**Exercise directions**
Restate word for word the lines beginning with the one that contains "imports Complex_Main" and ending at the bottom of the records below, both included.

**Provided information**
(* Let $q\in\mathbb{C}\setminus\{0\}$ and assume $q^{2j}\neq1$ for $2\le j\le n$. Then the idempotents $p_{(n)}$ and $p_{(1^n)}$ of the Hecke algebra $H_n\subset G_n[0]$ are minimal idempotents of $G_n[0]$, i.e. $p\,G_n[0]\,p=\mathbb{C}p$ for $p\in\{p_{(n)},p_{(1^n)}\}$.
   Context: For $q\in\mathbb{C}\setminus\{0\}$ the Hecke–Clifford algebra $G_n$ is the complex algebra generated by $t_1,\dots,t_{n-1}$ and $v_1,\dots,v_n$ subject to: braid relations $t_jt_{j+1}t_j=t_{j+1}t_jt_{j+1}$, $t_it_j=t_jt_i$ ($|i-j|\ge2$); $t_j-t_j^{-1}=q-q^{-1}$; $v_jv_k+v_kv_j=2\delta_{jk}$; $t_jv_j=v_{j+1}t_j$, $t_jv_{j+1}=v_jt_j-(q-q^{-1})(v_j-v_{j+1})$, $t_jv_l=v_lt_j$ for $l\neq j,j+1$. $G_n[0]$ is the subalgebra fixed by the automorphism $v_j\mapsto -v_j$, $t_j\mapsto t_j$. $H_n\subset G_n[0]$ is the subalgebra generated by the $t_j$ (the Hecke algebra of type $A_{n-1}$). Under the assumption $q^{2j}\neq 1$ for $2\le j\le n$, $H_n$ has minimal central idempotents $p_{(n)}$ and $p_{(1^n)}$ characterized by $t_jp_{(n)}=qp_{(n)}$ and $t_jp_{(1^n)}=-q^{-1}p_{(1^n)}$ for all $1\le j<n$. *)

theory Defs
  imports Complex_Main
begin

text \<open>A complex algebra: a unital ring 'a together with a unital ring homomorphism
  sc from the complex numbers into the centre of 'a (scalar multiplication is
  c x = sc c * x).\<close>
definition cplx_alg :: "(complex \<Rightarrow> 'a::ring_1) \<Rightarrow> bool" where
  "cplx_alg sc \<longleftrightarrow> sc 1 = 1 \<and> (\<forall>a b. sc (a + b) = sc a + sc b)
     \<and> (\<forall>a b. sc (a * b) = sc a * sc b) \<and> (\<forall>a x. sc a * x = x * sc a)"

**Result below**
  imports Complex_Main
begin

text \<open>A complex algebra: a unital ring 'a together with a unital ring homomorphism
  sc from the complex numbers into the centre of 'a (scalar multiplication is
  c x = sc c * x).\<close>
definition cplx_alg :: "(complex \<Rightarrow> 'a::ring_1) \<Rightarrow> bool" where
  "cplx_alg sc \<longleftrightarrow> sc 1 = 1 \<and> (\<forall>a b. sc (a + b) = sc a + sc b)
     \<and> (\<forall>a b. sc (a * b) = sc a * sc b) \<and> (\<forall>a x. sc a * x = x * sc a)"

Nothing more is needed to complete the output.